_WHAT TO PRODUCE_
A complete and exact copy of the entries below is the expected result.

[Items from a data source]
(* Let $\mathcal{V},\mathcal{W}$ be real separable Hilbert spaces, $c_1,c_2>0$, $T\in\mathbb{N}$, let $\sigma_1,\dots,\sigma_T$ be i.i.d. uniform on $\{-1,1\}$, and for each $t\in[T]$ let $(v_t,w_t):\{-1,1\}^{t-1}\to\{v\in\mathcal{V}:\|v\|\le c_1\}\times\{w\in\mathcal{W}:\|w\|\le c_2\}$ be arbitrary maps. Then for every $q\ge1$, \[\mathbb{E}\Big[\Big\|\sum_{t=1}^T\sigma_t\,v_t(\sigma_{<t})\otimes w_t(\sigma_{<t})\Big\|_q\Big]\le c_1c_2\,T^{\max\{\frac12,\frac1q\}}.\]
   Context: $\sigma_{<t}=(\sigma_1,\dots,\sigma_{t-1})$. For $a$ in a Hilbert space $H_1$ and $b$ in a Hilbert space $H_2$, $a\otimes b:H_2\to H_1$ denotes the rank-one operator $u\mapsto\langle b,u\rangle a$. For a compact (here finite-rank) operator $F$ with singular values $(s_n)$, $\|F\|_q=(\sum_n s_n^q)^{1/q}$ is its $q$-Schatten norm. *)

theory Defs
  imports "HOL-Analysis.Analysis" "HOL-Probability.Probability"
begin

definition rank_one :: "'v::real_inner \<Rightarrow> 'w::real_inner \<Rightarrow> 'w \<Rightarrow> 'v" where
  "rank_one a b = (\<lambda>u. inner b u *\<^sub>R a)"

definition is_svd :: "('w::real_inner \<Rightarrow> 'v::real_inner) \<Rightarrow> nat \<Rightarrow> (nat \<Rightarrow> real)
    \<Rightarrow> (nat \<Rightarrow> 'v) \<Rightarrow> (nat \<Rightarrow> 'w) \<Rightarrow> bool" where
  "is_svd F n s e f \<longleftrightarrow>
     (\<forall>i<n. s i > 0) \<and>
     (\<forall>i<n. \<forall>j<n. inner (e i) (e j) = (if i = j then 1 else 0)) \<and>
     (\<forall>i<n. \<forall>j<n. inner (f i) (f j) = (if i = j then 1 else 0)) \<and>
     F = (\<lambda>u. \<Sum>i<n. s i *\<^sub>R rank_one (e i) (f i) u)"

_RESULT FOR THIS EXERCISE_
(* Let $\mathcal{V},\mathcal{W}$ be real separable Hilbert spaces, $c_1,c_2>0$, $T\in\mathbb{N}$, let $\sigma_1,\dots,\sigma_T$ be i.i.d. uniform on $\{-1,1\}$, and for each $t\in[T]$ let $(v_t,w_t):\{-1,1\}^{t-1}\to\{v\in\mathcal{V}:\|v\|\le c_1\}\times\{w\in\mathcal{W}:\|w\|\le c_2\}$ be arbitrary maps. Then for every $q\ge1$, \[\mathbb{E}\Big[\Big\|\sum_{t=1}^T\sigma_t\,v_t(\sigma_{<t})\otimes w_t(\sigma_{<t})\Big\|_q\Big]\le c_1c_2\,T^{\max\{\frac12,\frac1q\}}.\]
   Context: $\sigma_{<t}=(\sigma_1,\dots,\sigma_{t-1})$. For $a$ in a Hilbert space $H_1$ and $b$ in a Hilbert space $H_2$, $a\otimes b:H_2\to H_1$ denotes the rank-one operator $u\mapsto\langle b,u\rangle a$. For a compact (here finite-rank) operator $F$ with singular values $(s_n)$, $\|F\|_q=(\sum_n s_n^q)^{1/q}$ is its $q$-Schatten norm. *)

theory Defs
  imports "HOL-Analysis.Analysis" "HOL-Probability.Probability"
begin

definition rank_one :: "'v::real_inner \<Rightarrow> 'w::real_inner \<Rightarrow> 'w \<Rightarrow> 'v" where
  "rank_one a b = (\<lambda>u. inner b u *\<^sub>R a)"

definition is_svd :: "('w::real_inner \<Rightarrow> 'v::real_inner) \<Rightarrow> nat \<Rightarrow> (nat \<Rightarrow> real)
    \<Rightarrow> (nat \<Rightarrow> 'v) \<Rightarrow> (nat \<Rightarrow> 'w) \<Rightarrow> bool" where
  "is_svd F n s e f \<longleftrightarrow>
     (\<forall>i<n. s i > 0) \<and>
     (\<forall>i<n. \<forall>j<n. inner (e i) (e j) = (if i = j then 1 else 0)) \<and>
     (\<forall>i<n. \<forall>j<n. inner (f i) (f j) = (if i = j then 1 else 0)) \<and>
     F = (\<lambda>u. \<Sum>i<n. s i *\<^sub>R rank_one (e i) (f i) u)"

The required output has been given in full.